Seni tari dapat dibedakan menjadi tiga jenis yaitu: Tari Klasik, Tari Tradisional dan Tari
Garapan Baru. Beberapa contoh tarian sebagai bagian dari kebudayaan suku Jawa antara lain:

1. Tari Bedhaya

Tari Bedhaya Ketawang ini dipercaya diciptakan oleh Sultan Agung, raja pertama dari
kerajaan Mataram, dan disempurnakan oleh Sunan Kalijaga. Tari Bedhaya Ketawang ini, tidak hanya
ditampilkan pada saat penobatan raja yang baru, tetapi juga tiap tahunnya, yang bertepatan dengan
hari penobatan raja atau ratu. Pada pementasan tari Bedhaya Ketawang, digunakan kostum Dodot
Ageng dengan motif Banguntulak alas-alasan. Dari segi alat musik pengiring pun sangat spesial,
karena digunakan yaitu gamelan Kyai Kaduk Manis dan Kyai Manis Renggo. Pada zaman Sri
Susuhunan PakuBuwono XII, pertunjukan tari Bedhaya Ketawang, selalu diselenggarakan pada hari
kedua bulan Reuwah atau bulan Syaban dalam kalender Jawa.

2. Tari Srimpi

Tarian ini tidak diketahui dengan pasti sejak kapan muncul di lingkungan keraton. Tetapi
diperkirakan mulai ada saat Prabu Amiluhur masuk ke keraton. Tarian ini dipentaskan oleh empat
orang putri yang melambangkan empat unsur, dan empat penjuru mata angin.

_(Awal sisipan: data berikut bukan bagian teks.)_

lemma nn_integral_cfg_on_reindex:
  assumes K: "finite K" and f: "bij_betw f I K" and [measurable]: "h \<in> borel_measurable N"
  shows "(\<integral>\<^sup>+ x. h (cfg_on I x) \<partial>PP I) = (\<integral>\<^sup>+ y. h (cfg_on K y) \<partial>PP K)"
proof -
  have I: "finite I"
    using f K bij_betw_finite by blast
  have fI: "i \<in> I \<Longrightarrow> f i \<in> K" for i
    using f by (auto simp: bij_betw_def)
  have "(\<lambda>y. \<lambda>i\<in>I. y (f i)) \<in> measurable (PP K) (PP I)"
    by (rule measurable_restrict) (auto intro: measurable_component_singleton fI)
  moreover have "(\<integral>\<^sup>+ x. h (cfg_on I x) \<partial>PP I) =
      (\<integral>\<^sup>+ x. h (cfg_on I x) \<partial>distr (PP K) (PP I) (\<lambda>y. \<lambda>i\<in>I. y (f i)))"
    by (simp add: distr_PP_reindex[OF K f])
  ultimately have "(\<integral>\<^sup>+ x. h (cfg_on I x) \<partial>PP I) = (\<integral>\<^sup>+ y. h (cfg_on I (\<lambda>i\<in>I. y (f i))) \<partial>PP K)"
    using I by (simp add: nn_integral_distr)
  also have "\<dots> = (\<integral>\<^sup>+ y. h (cfg_on K y) \<partial>PP K)"
  proof (intro nn_integral_cong arg_cong[where f=h])
    fix y
    have "cfg_on I (\<lambda>i\<in>I. y (f i)) = cfg_on I (\<lambda>i. y (f i))"
      by (rule cfg_on_cong) simp
    also have "\<dots> = image_mset y (image_mset f (mset_set I))"
      by (simp add: cfg_on_def multiset.map_comp o_def)
    also have "\<dots> = cfg_on K y"
      using f by (simp add: image_mset_mset_set bij_betw_def cfg_on_def)
    finally show "cfg_on I (\<lambda>i\<in>I. y (f i)) = cfg_on K y" .
  qed
  finally show ?thesis .
qed

lemma nn_integral_cfg_on_card:
  assumes "finite I" "h \<in> borel_measurable N"
  shows "(\<integral>\<^sup>+ x. h (cfg_on I x) \<partial>PP I) = (\<integral>\<^sup>+ y. h (cfg_on {..<card I} y) \<partial>PP {..<card I})"
proof -
  obtain f where "bij_betw f I {..<card I}"
    using assms(1) by (metis ex_bij_betw_finite_nat bij_betw_inv atLeast0LessThan)
  then show ?thesis
    using assms(2) by (intro nn_integral_cfg_on_reindex) auto
qed

lemma nn_integral_cfg_on_Un:
  assumes IK: "I \<inter> K = {}" "finite I" "finite K" and [measurable]: "h \<in> borel_measurable N"
  shows "(\<integral>\<^sup>+ z. h (cfg_on (I \<union> K) z) \<partial>PP (I \<union> K)) =
    (\<integral>\<^sup>+ x. \<integral>\<^sup>+ y. h (cfg_on I x + cfg_on K y) \<partial>PP K \<partial>PP I)"
proof -
  have merge_eq: "cfg_on (I \<union> K) (merge I K (x, y)) = cfg_on I x + cfg_on K y" for x y
  proof -
    have "cfg_on I (merge I K (x, y)) = cfg_on I x" "cfg_on K (merge I K (x, y)) = cfg_on K y"
      using IK by (auto intro!: cfg_on_cong simp: merge_def)
    then show ?thesis
      using IK by (simp add: cfg_on_Un)
  qed
  moreover have "(\<integral>\<^sup>+ z. h (cfg_on (I \<union> K) z) \<partial>PP (I \<union> K)) =
      (\<integral>\<^sup>+ x. \<integral>\<^sup>+ y. h (cfg_on (I \<union> K) (merge I K (x, y))) \<partial>PP K \<partial>PP I)"
    using IK by (intro product.product_nn_integral_fold) auto
  ultimately show ?thesis
    by (simp only: merge_eq)
qed

lemma nn_integral_PP_restrict:
  assumes J: "J \<subseteq> I" "finite I" and [measurable]: "g \<in> borel_measurable (PP J)"
  shows "(\<integral>\<^sup>+ x. g (restrict x J) \<partial>PP I) = ennreal (mass ^ card (I - J)) * (\<integral>\<^sup>+ x. g x \<partial>PP J)"
proof -
  have fin: "finite J" "finite (I - J)" and U: "J \<union> (I - J) = I"
    using J finite_subset by auto
  have "(\<integral>\<^sup>+ x. g (restrict x J) \<partial>PP I) =
      (\<integral>\<^sup>+ x. \<integral>\<^sup>+ y. g (restrict (merge J (I - J) (x, y)) J) \<partial>PP (I - J) \<partial>PP J)"
    using product.product_nn_integral_fold[of J "I - J" "\<lambda>x. g (restrict x J)"] fin U by simp
  also have "\<dots> = (\<integral>\<^sup>+ x. g x * ennreal (mass ^ card (I - J)) \<partial>PP J)"
    using fin emeasure_space_PP[of "I - J"] by (intro nn_integral_cong) (simp add: space_PiM lam_space)
  finally show ?thesis
    by (simp add: nn_integral_multc mult.commute)
qed

end

locale poisson_L2_density = poisson_intensity +
  fixes p :: "'a multiset \<Rightarrow> real"
  assumes p_measurable [measurable]: "p \<in> borel_measurable N"
    and p_nonneg: "\<And>x. x \<in> space N \<Longrightarrow> p x \<ge> 0"
    and p_L2: "integrable P (\<lambda>x. (p x)^2)"
begin

definition int_p :: "nat \<Rightarrow> ennreal" where
  "int_p M = (\<integral>\<^sup>+ z. ennreal (p (cfg_on {..<M} z)) \<partial>PP {..<M})"

definition int_p2 :: "nat \<Rightarrow> ennreal" where
  "int_p2 M = (\<integral>\<^sup>+ z. ennreal ((p (cfg_on {..<M} z))^2) \<partial>PP {..<M})"

lemma suminf_weight_int_p2: "(\<Sum>M. ennreal (weight M) * int_p2 M) < \<infinity>"
proof -
  have "(\<integral>\<^sup>+ x. ennreal ((p x)^2) \<partial>P) < \<infinity>"
    using p_L2 by (simp add: integrable_iff_bounded)
  then show ?thesis
    by (simp add: nn_integral_P int_p2_def)
qed

lemma int_p_bound: "ennreal (real M ^ k) * int_p M \<le> ennreal (real M ^ (2*k) * mass ^ M) + int_p2 M"
proof -
  have "ennreal (real M ^ k) * int_p M = (\<integral>\<^sup>+ z. ennreal (real M ^ k * p (cfg_on {..<M} z)) \<partial>PP {..<M})"
    unfolding int_p_def by (simp add: nn_integral_cmult[symmetric] ennreal_mult')
  also have "\<dots> \<le> (\<integral>\<^sup>+ z. ennreal (real M ^ (2*k)) + ennreal ((p (cfg_on {..<M} z))^2) \<partial>PP {..<M})"
  proof (intro nn_integral_mono)
    fix z assume "z \<in> space (PP {..<M})"
    then have "0 \<le> p (cfg_on {..<M} z)"
      using cfg_on_in_space[of z "{..<M}"] p_nonneg by simp
    then have "real M ^ k * p (cfg_on {..<M} z) \<le> (real M ^ k)^2 + (p (cfg_on {..<M} z))^2"
      by (intro mult_le_sum_squares) auto
    then show "ennreal (real M ^ k * p (cfg_on {..<M} z)) \<le>
        ennreal (real M ^ (2*k)) + ennreal ((p (cfg_on {..<M} z))^2)"
      by (simp add: power_mult[symmetric] mult.commute flip: ennreal_plus)
  qed
  also have "\<dots> = ennreal (real M ^ (2*k) * mass ^ M) + int_p2 M"
    unfolding int_p2_def by (simp add: nn_integral_add emeasure_space_PP ennreal_mult)
  finally show ?thesis .
qed

lemma suminf_weight_moment: "(\<Sum>M. ennreal (weight M * real M ^ (2*k) * mass ^ M)) < \<infinity>"
proof -
  have "real M ^ (2*k) \<le> (2 ^ (2*k)) ^ M" for M
  proof -
    have "real M ^ (2*k) \<le> (2 ^ M) ^ (2*k)"
      using less_exp[of M] by (intro power_mono) (simp_all add: less_imp_le flip: of_nat_less_iff)
    then show ?thesis
      by (metis power_mult mult.commute)
  qed
  then have "(\<Sum>M. ennreal (weight M * real M ^ (2*k) * mass ^ M)) \<le>
      (\<Sum>M. ennreal (weight M * (2 ^ (2*k) * mass) ^ M))"
    by (intro suminf_le summableI ennreal_leI)
      (simp add: power_mult_distrib mult.assoc mult_left_mono mult_right_mono weight_nonneg)
  also have "\<dots> < \<infinity>"
    unfolding infinity_ennreal_def less_top[symmetric]
    by (rule ennreal_suminf_neq_top[OF summable_weight_power]) (simp add: weight_nonneg)
  finally show ?thesis .
qed

lemma suminf_weight_int_p_shift: "(\<Sum>m. ennreal (weight m) * int_p (m + k)) < \<infinity>"
proof -
  let ?g = "\<lambda>M. ennreal (weight M * real M ^ (2*k) * mass ^ M) + ennreal (weight M) * int_p2 M"
  have "ennreal (weight m) * int_p (m + k) \<le> ?g (m + k)" for m
  proof -
    have "ennreal (weight m) * int_p (m + k) \<le> ennreal (weight (m + k) * real (m + k) ^ k) * int_p (m + k)"
      by (intro mult_right_mono ennreal_leI weight_le) simp
    also have "\<dots> = ennreal (weight (m + k)) * (ennreal (real (m + k) ^ k) * int_p (m + k))"
      by (simp add: ennreal_mult weight_nonneg mult.assoc)
    also have "\<dots> \<le> ennreal (weight (m + k)) *
        (ennreal (real (m + k) ^ (2*k) * mass ^ (m + k)) + int_p2 (m + k))"
      by (intro mult_left_mono int_p_bound) simp
    finally show ?thesis
      by (simp add: distrib_left ennreal_mult weight_nonneg mult.assoc)
  qed
  then have "(\<Sum>m. ennreal (weight m) * int_p (m + k)) \<le> (\<Sum>M. ?g M)"
    by (intro order.trans[OF suminf_le suminf_shift_le_ennreal[of ?g]] summableI)
  also have "\<dots> < \<infinity>"
    using suminf_weight_moment[of k] suminf_weight_int_p2
    by (simp add: suminf_add[symmetric] summableI ennreal_add_less_top)
  finally show ?thesis .
qed

lemma nn_integral_PP_shifted_cfg:
  assumes J: "J \<subseteq> {..<n}"
  shows "(\<integral>\<^sup>+ y. (\<integral>\<^sup>+ f. ennreal (p (cfg_on {..<m} f + cfg_on J y)) \<partial>PP {..<m}) \<partial>PP {..<n}) =
    ennreal (mass ^ (n - card J)) * int_p (m + card J)"
proof -
  define K where "K = {n..<n+m}"
  have finJ: "finite J" and finK: "finite K" and JK: "J \<inter> K = {}"
    using J finite_subset by (auto simp: K_def)
  have bij: "bij_betw (\<lambda>i. n + i) {..<m} K"
    unfolding K_def bij_betw_def
  proof
    show "(+) n ` {..<m} = {n..<n + m}"
    proof (intro set_eqI iffI)
      fix x assume "x \<in> {n..<n + m}"
      then show "x \<in> (+) n ` {..<m}"
        by (intro image_eqI[of _ _ "x - n"]) auto
    qed auto
  qed simp
  have [measurable]: "cfg_on J \<in> measurable (PP J) N" "cfg_on K \<in> measurable (PP K) N"
    using finJ finK by auto
  interpret K: sigma_finite_measure "PP K"
    using finK by (rule sigma_finite_PP)
  define G where "G y = (\<integral>\<^sup>+ f. ennreal (p (cfg_on K f + cfg_on J y)) \<partial>PP K)" for y
  have [measurable]: "G \<in> borel_measurable (PP J)"
    unfolding G_def by measurable
  have "(\<integral>\<^sup>+ f. ennreal (p (cfg_on {..<m} f + cfg_on J y)) \<partial>PP {..<m}) = G (restrict y J)"
    if y: "y \<in> space (PP {..<n})" for y
  proof -
    have [measurable]: "cfg_on J y \<in> space N"
      using cfg_on_in_space[OF y J] .
    have "(\<integral>\<^sup>+ f. ennreal (p (cfg_on {..<m} f + cfg_on J y)) \<partial>PP {..<m}) =
        (\<integral>\<^sup>+ f. ennreal (p (cfg_on K f + cfg_on J y)) \<partial>PP K)"
      by (rule nn_integral_cfg_on_reindex[OF finK bij]) measurable
    then show ?thesis
      unfolding G_def by (simp add: cfg_on_cong[of J "restrict y J" y])
  qed
  then have "(\<integral>\<^sup>+ y. (\<integral>\<^sup>+ f. ennreal (p (cfg_on {..<m} f + cfg_on J y)) \<partial>PP {..<m}) \<partial>PP {..<n}) =
      (\<integral>\<^sup>+ y. G (restrict y J) \<partial>PP {..<n})"
    by (rule nn_integral_cong)
  also have "\<dots> = ennreal (mass ^ card ({..<n} - J)) * (\<integral>\<^sup>+ y. G y \<partial>PP J)"
    using J by (intro nn_integral_PP_restrict) auto
  also have "(\<integral>\<^sup>+ y. G y \<partial>PP J) = (\<integral>\<^sup>+ z. ennreal (p (cfg_on (J \<union> K) z)) \<partial>PP (J \<union> K))"
    unfolding G_def using nn_integral_cfg_on_Un[OF JK finJ finK, of "\<lambda>z. ennreal (p z)"]
    by (simp add: add.commute)
  also have "\<dots> = int_p (card (J \<union> K))"
    unfolding int_p_def using finJ finK by (intro nn_integral_cfg_on_card) auto
  finally show ?thesis
    using JK finJ finK J by (simp add: card_Un_disjoint K_def card_Diff_subset add.commute)
qed

lemma nn_integral_PP_shifted_P_finite:
  assumes J: "J \<subseteq> {..<n}"
  shows "(\<integral>\<^sup>+ y. (\<integral>\<^sup>+ x. ennreal (p (x + cfg_on J y)) \<partial>P) \<partial>PP {..<n}) < \<infinity>"
proof -
  have [measurable]: "cfg_on J \<in> measurable (PP {..<n}) N"
    using J by (intro measurable_cfg_on_subset) (auto intro: finite_subset)
  have [measurable]: "(\<lambda>y. \<integral>\<^sup>+ f. ennreal (p (cfg_on {..<m} f + cfg_on J y)) \<partial>PP {..<m}) \<in>
      borel_measurable (PP {..<n})" for m
    by (rule sigma_finite_measure.borel_measurable_nn_integral[OF sigma_finite_PP]) measurable
  have "(\<integral>\<^sup>+ x. ennreal (p (x + cfg_on J y)) \<partial>P) =
      (\<Sum>m. ennreal (weight m) * (\<integral>\<^sup>+ f. ennreal (p (cfg_on {..<m} f + cfg_on J y)) \<partial>PP {..<m}))"
    if "y \<in> space (PP {..<n})" for y
  proof -
    have [measurable]: "cfg_on J y \<in> space N"
      using cfg_on_in_space[OF that J] .
    show ?thesis
      by (rule nn_integral_P) measurable
  qed
  then have "(\<integral>\<^sup>+ y. (\<integral>\<^sup>+ x. ennreal (p (x + cfg_on J y)) \<partial>P) \<partial>PP {..<n}) =
      (\<integral>\<^sup>+ y. (\<Sum>m. ennreal (weight m) *
         (\<integral>\<^sup>+ f. ennreal (p (cfg_on {..<m} f + cfg_on J y)) \<partial>PP {..<m})) \<partial>PP {..<n})"
    by (rule nn_integral_cong)
  also have "\<dots> = (\<Sum>m. \<integral>\<^sup>+ y. ennreal (weight m) *
      (\<integral>\<^sup>+ f. ennreal (p (cfg_on {..<m} f + cfg_on J y)) \<partial>PP {..<m}) \<partial>PP {..<n})"
    by (rule nn_integral_suminf) measurable
  also have "\<dots> = (\<Sum>m. ennreal (weight m) * (ennreal (mass ^ (n - card J)) * int_p (m + card J)))"
    by (simp add: nn_integral_cmult nn_integral_PP_shifted_cfg[OF J])
  also have "\<dots> = ennreal (mass ^ (n - card J)) * (\<Sum>m. ennreal (weight m) * int_p (m + card J))"
    by (subst ennreal_suminf_cmult[symmetric]) (rule suminf_cong, simp add: mult.left_commute)
  also have "\<dots> < \<infinity>"
    using suminf_weight_int_p_shift[of "card J"] by (simp add: ennreal_mult_less_top)
  finally show ?thesis .
qed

Dari beberapa jenis
tari Srimpi, ada satu yang dianggap sakral atau suci, yaitu Tari Srimpi Anghlir Mendhung.

3. Tari Pethilan

Tari Pethilan adalah suatu tarian yang gerakannya terinspirasi atau mengambil salah satu
bagian dari cerita pewayangan. Dalam pementasannya, tarian ini boleh memiliki gerakan yang sama
atau tidak antar penarinya, boleh menggunakan ontowacono atau dialog dalam tariannya, pakaian
yang digunakan tidak sama setiap penarinya, kecuali yang memerankan lakon kembar. Dalam kisah
yang termuat dalam tarian pun, ada peran yang mati dan yang tetap bertahan hidup.

4. Tari Golek

Tari ini berasal dari Yogyakarta, dan pertama kali dipentaskan pada perayaan pernikahan
KGPH Kusumoyudho dan Gusti Ratu Angger di tahun 1910. Tarian ini menggambarkan cara-cara
berhias diri seorang gadis yang baru memasuki masa dewasanya, agar terlihat lebih cantik dan
menarik.

5. Tari Bondan

Tari Bondan memiliki tiga jenis, yaitu Bondan Cindogo, Bondan Marsidiwi, dan Bondan
Pegunungan atau Tani. Tari Bondan Cindogo dan Marsidiwi, merupakan tarian gembira, dibuat untuk
mengungkapkan kegembiraan atas kelahiran anak.

6. Tari Topeng

Tarian ini sebenarnya secara tidak langsung diilhami oleh wayang wong, atau wayang orang.
Tarian ini sempat mengalami kejayaan pada masa kerajaan Majapahit. Lalu pada masa masuknya
islam, sunan kalijaga menggunakannya sebagai media penyebaran islam. Beliau jugalah yang
menciptakan 9 jenis tari topeng diantaranya: Topeng Panji Ksatrian, Condrokirono, Gunung sari,
Handoko, Raton, Klono, Denowo, Benco, dan Turas. Tari topeng sendiri dianggap sebagai
perlambang sifat manusia, karena banyaknya model topeng yang menggambarkan emosi manusia
yaitu marah, sedih, dan kecewa. Biasanya cerita yang diangkat dalam tari topeng adalah bagian dari
hikayat atau cerita rakyat, terutama cerita-cerita panji.

7. Tari Dolalak

Tarian ini dipentaskan oleh beberapa penari yang mengenakan kostum ala prajurit Belanda
atau Prancis tempo dulu, dan diiringi oleh alat musik seperti kentrung, rebana, kendang, kencer, dan
lain-lain. Menurut legenda, tarian ini terinspirasi dari semangat perjuangan perang rakyat Aceh yang
kemudian meluas ke daerah lain di nusantara.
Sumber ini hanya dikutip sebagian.